There was an early morning ease about the streets as morning began its ritual takeover. Doctors and police officers were changing shifts as the morning crew came to replace the owls of the night. Like a vampire Alvin began to shudder, threatening disintegration, against the faint protruding light of the sun. Taking another breather from the horn Alvin said “Shit man, morning again,” as if morning was an unwelcome visitor that always came at the wrong time. It must have been somewhere in the realm of the hour of six, but I did not care to check my watch; time is always a reminder of things that have to be done, and I did not want to be anywhere else, did not want to be brought back down to earth. The drizzle had passed and Alvin had already smoked his last cigarette. “Well here we go mutherfucker,” Alvin said, signaling that the next few phrases would be his last of the night. He pursed his lips around the mouthpiece and blew; the melody drifted in inches, even-tempered, ascending and pervading the universe ever so patiently. Alvin’s last words of the night were never a last effort, but rather a promise, a pact with the fading moon to return again when the sky darkened, to sing to sweet Angelina until they found each other. The final movement was relentless, full of pathos; an unwillingness to give up until his soul was satisfied. And somewhere out there Lady Angelina was combing a flowerbed outside her apartment window, running her fingers through the pedals, inhaling the smell of life. A breeze was probably coming through, and in the distance it carried a faint, familiar sound that she could not quite make out. The familiarity would keep her returning to the window night after night, through the early morning, until the sound came close enough and clearly whispered her name.

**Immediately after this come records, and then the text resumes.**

(* Let $I$ be a finite set, $\tau$ a total order of $I$, and $A=(A_1,\dots,A_\ell)$, $B$ set compositions of $I$ with $B$ refining $A$. Then $$\Big(\mathrm{Resf}^{\mathrm{UT}(\tau|_{A_1})}_{\mathrm{UL}(\tau|_{A_1},B|_{A_1})}\otimes\cdots\otimes\mathrm{Resf}^{\mathrm{UT}(\tau|_{A_\ell})}_{\mathrm{UL}(\tau|_{A_\ell},B|_{A_\ell})}\Big)\circ\mathrm{Resf}^{\mathrm{UT}(\tau)}_{\mathrm{UL}(\tau,A)}=\mathrm{Resf}^{\mathrm{UT}(\tau)}_{\mathrm{UL}(\tau,B)}$$ as maps $\mathsf{cf}(\mathrm{UT}(\tau))\to\mathsf{cf}(\mathrm{UL}(\tau,B))$.
   Context: Fix the finite field $\mathbb{F}_q$. For a finite set $I$, $\mathrm{GL}(I)$ is the group of invertible $I\times I$ matrices over $\mathbb{F}_q$ with identity $1_I$. A total order $\tau$ of $I$ is a reflexive, antisymmetric, transitive, total relation $\tau\subseteq I\times I$; $\tau|_J=\tau\cap(J\times J)$. For a relation $\pi$ containing the diagonal, $\mathrm{UT}(\pi)=\{X\in\mathrm{GL}(I):(X-1_I)_{i,j}\ne0\text{ only if }(i,j)\in\pi\}$. A set composition $A=(A_1,\dots,A_\ell)$ of $I$ is a sequence of pairwise disjoint nonempty sets with union $I$; for $J\subseteq I$, $C|_J$ is $(C_1\cap J,\dots)$ with empty sets removed; $B$ refines $A$ if $B=B|_{A_1}\cdots B|_{A_\ell}$ (concatenation). $\mathrm{Asc}(A)=\bigsqcup_{r<s}A_r\times A_s$, $\mathrm{Eq}(A)=\bigsqcup_rA_r\times A_r$. $\mathrm{UL}(\tau,A)=\mathrm{UT}(\tau\cap\mathrm{Eq}(A))$, $\mathrm{UR}(\tau,A)=\mathrm{UT}(\{(i,i)\}\cup(\tau\cap\mathrm{Asc}(A)))$, $\mathrm{UP}(\tau,A)=\mathrm{UT}(\tau\cap(\mathrm{Eq}(A)\cup\mathrm{Asc}(A)))=\mathrm{UL}(\tau,A)\ltimes\mathrm{UR}(\tau,A)$. Since $\mathrm{UL}(\tau,A)=\mathrm{UT}(\tau|_{A_1})\oplus\cdots\oplus\mathrm{UT}(\tau|_{A_\ell})$ (block diagonal), $\mathsf{cf}(\mathrm{UL}(\tau,A))$ is identified with $\bigotimes_r\mathsf{cf}(\mathrm{UT}(\tau|_{A_r}))$; similarly $\mathrm{UL}(\tau,B)=\bigoplus_r\mathrm{UL}(\tau|_{A_r},B|_{A_r})$. Here $\mathsf{cf}(G)$ denotes complex class functions on $G$, and $\mathrm{Resf}^{\mathrm{UT}(\tau)}_{\mathrm{UL}(\tau,A)}=\mathrm{Def}^{\mathrm{UP}(\tau,A)}_{\mathrm{UL}(\tau,A)}\circ\mathrm{Res}^{\mathrm{UT}(\tau)}_{\mathrm{UP}(\tau,A)}$, where $\mathrm{Res}$ is restriction and deflation is $\mathrm{Def}^{\mathrm{UP}(\tau,A)}_{\mathrm{UL}(\tau,A)}\psi(g)=\frac{1}{|\mathrm{UR}(\tau,A)|}\sum_{x\in\mathrm{UR}(\tau,A)}\psi(gx)$ for $g\in\mathrm{UL}(\tau,A)$. *)

theory Defs
  imports Complex_Main
begin

text \<open>Matrices indexed by a finite set I over a finite field 'f are modelled as
functions 'i => 'i => 'f that vanish outside I x I.\<close>

type_synonym ('i,'f) mat = "'i \<Rightarrow> 'i \<Rightarrow> 'f"

definition mat_on :: "'i set \<Rightarrow> ('i,'f::zero) mat \<Rightarrow> bool" where
  "mat_on I X \<longleftrightarrow> (\<forall>i j. (i,j) \<notin> I \<times> I \<longrightarrow> X i j = 0)"

definition one_mat :: "'i set \<Rightarrow> ('i,'f::{zero,one}) mat" where
  "one_mat I = (\<lambda>i j. if i \<in> I \<and> i = j then 1 else 0)"

definition mmul :: "'i set \<Rightarrow> ('i,'f::comm_semiring_1) mat \<Rightarrow> ('i,'f) mat \<Rightarrow> ('i,'f) mat" where
  "mmul I X Y = (\<lambda>i j. \<Sum>k\<in>I. X i k * Y k j)"

definition GL :: "'i set \<Rightarrow> ('i,'f::field) mat set" where
  "GL I = {X. mat_on I X \<and> (\<exists>Y. mat_on I Y \<and> mmul I X Y = one_mat I \<and> mmul I Y X = one_mat I)}"

definition total_order_of :: "'i set \<Rightarrow> ('i \<times> 'i) set \<Rightarrow> bool" where
  "total_order_of I \<tau> \<longleftrightarrow> \<tau> \<subseteq> I \<times> I \<and> (\<forall>i\<in>I. (i,i) \<in> \<tau>)
     \<and> (\<forall>i j. (i,j) \<in> \<tau> \<and> (j,i) \<in> \<tau> \<longrightarrow> i = j)
     \<and> (\<forall>i j k. (i,j) \<in> \<tau> \<and> (j,k) \<in> \<tau> \<longrightarrow> (i,k) \<in> \<tau>)
     \<and> (\<forall>i\<in>I. \<forall>j\<in>I. (i,j) \<in> \<tau> \<or> (j,i) \<in> \<tau>)"

definition rel_restr :: "('i \<times> 'i) set \<Rightarrow> 'i set \<Rightarrow> ('i \<times> 'i) set" where
  "rel_restr \<tau> J = \<tau> \<inter> (J \<times> J)"

definition UT :: "'i set \<Rightarrow> ('i \<times> 'i) set \<Rightarrow> ('i,'f::field) mat set" where
  "UT I \<pi> = {X \<in> GL I. \<forall>i j. (X i j - one_mat I i j) \<noteq> 0 \<longrightarrow> (i,j) \<in> \<pi>}"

Blowing a final phrase and then abruptly stopping as if realizing he was late for a doctor’s appointment, Alvin pried the sax from his mouth and packed it up. The sax was like an extension of his body, an extra limb, as difficult to remove as an arm or a leg. He shut his case and then turned and looked at me, moved his head up and down, and said “You need some sleep mutherfucker.” With that he turned around and walked west, taking his time, not forcing a single step. I didn’t bother to yell goodbye, and started off in the other direction. “Goodbye” always signifies an end, a close to possibility, and that was the antithesis of Alvin. I looked up and saw the last shards of moon in the sky and knew that night would come again, that on another corner on another street Alvin would play, that the story would continue.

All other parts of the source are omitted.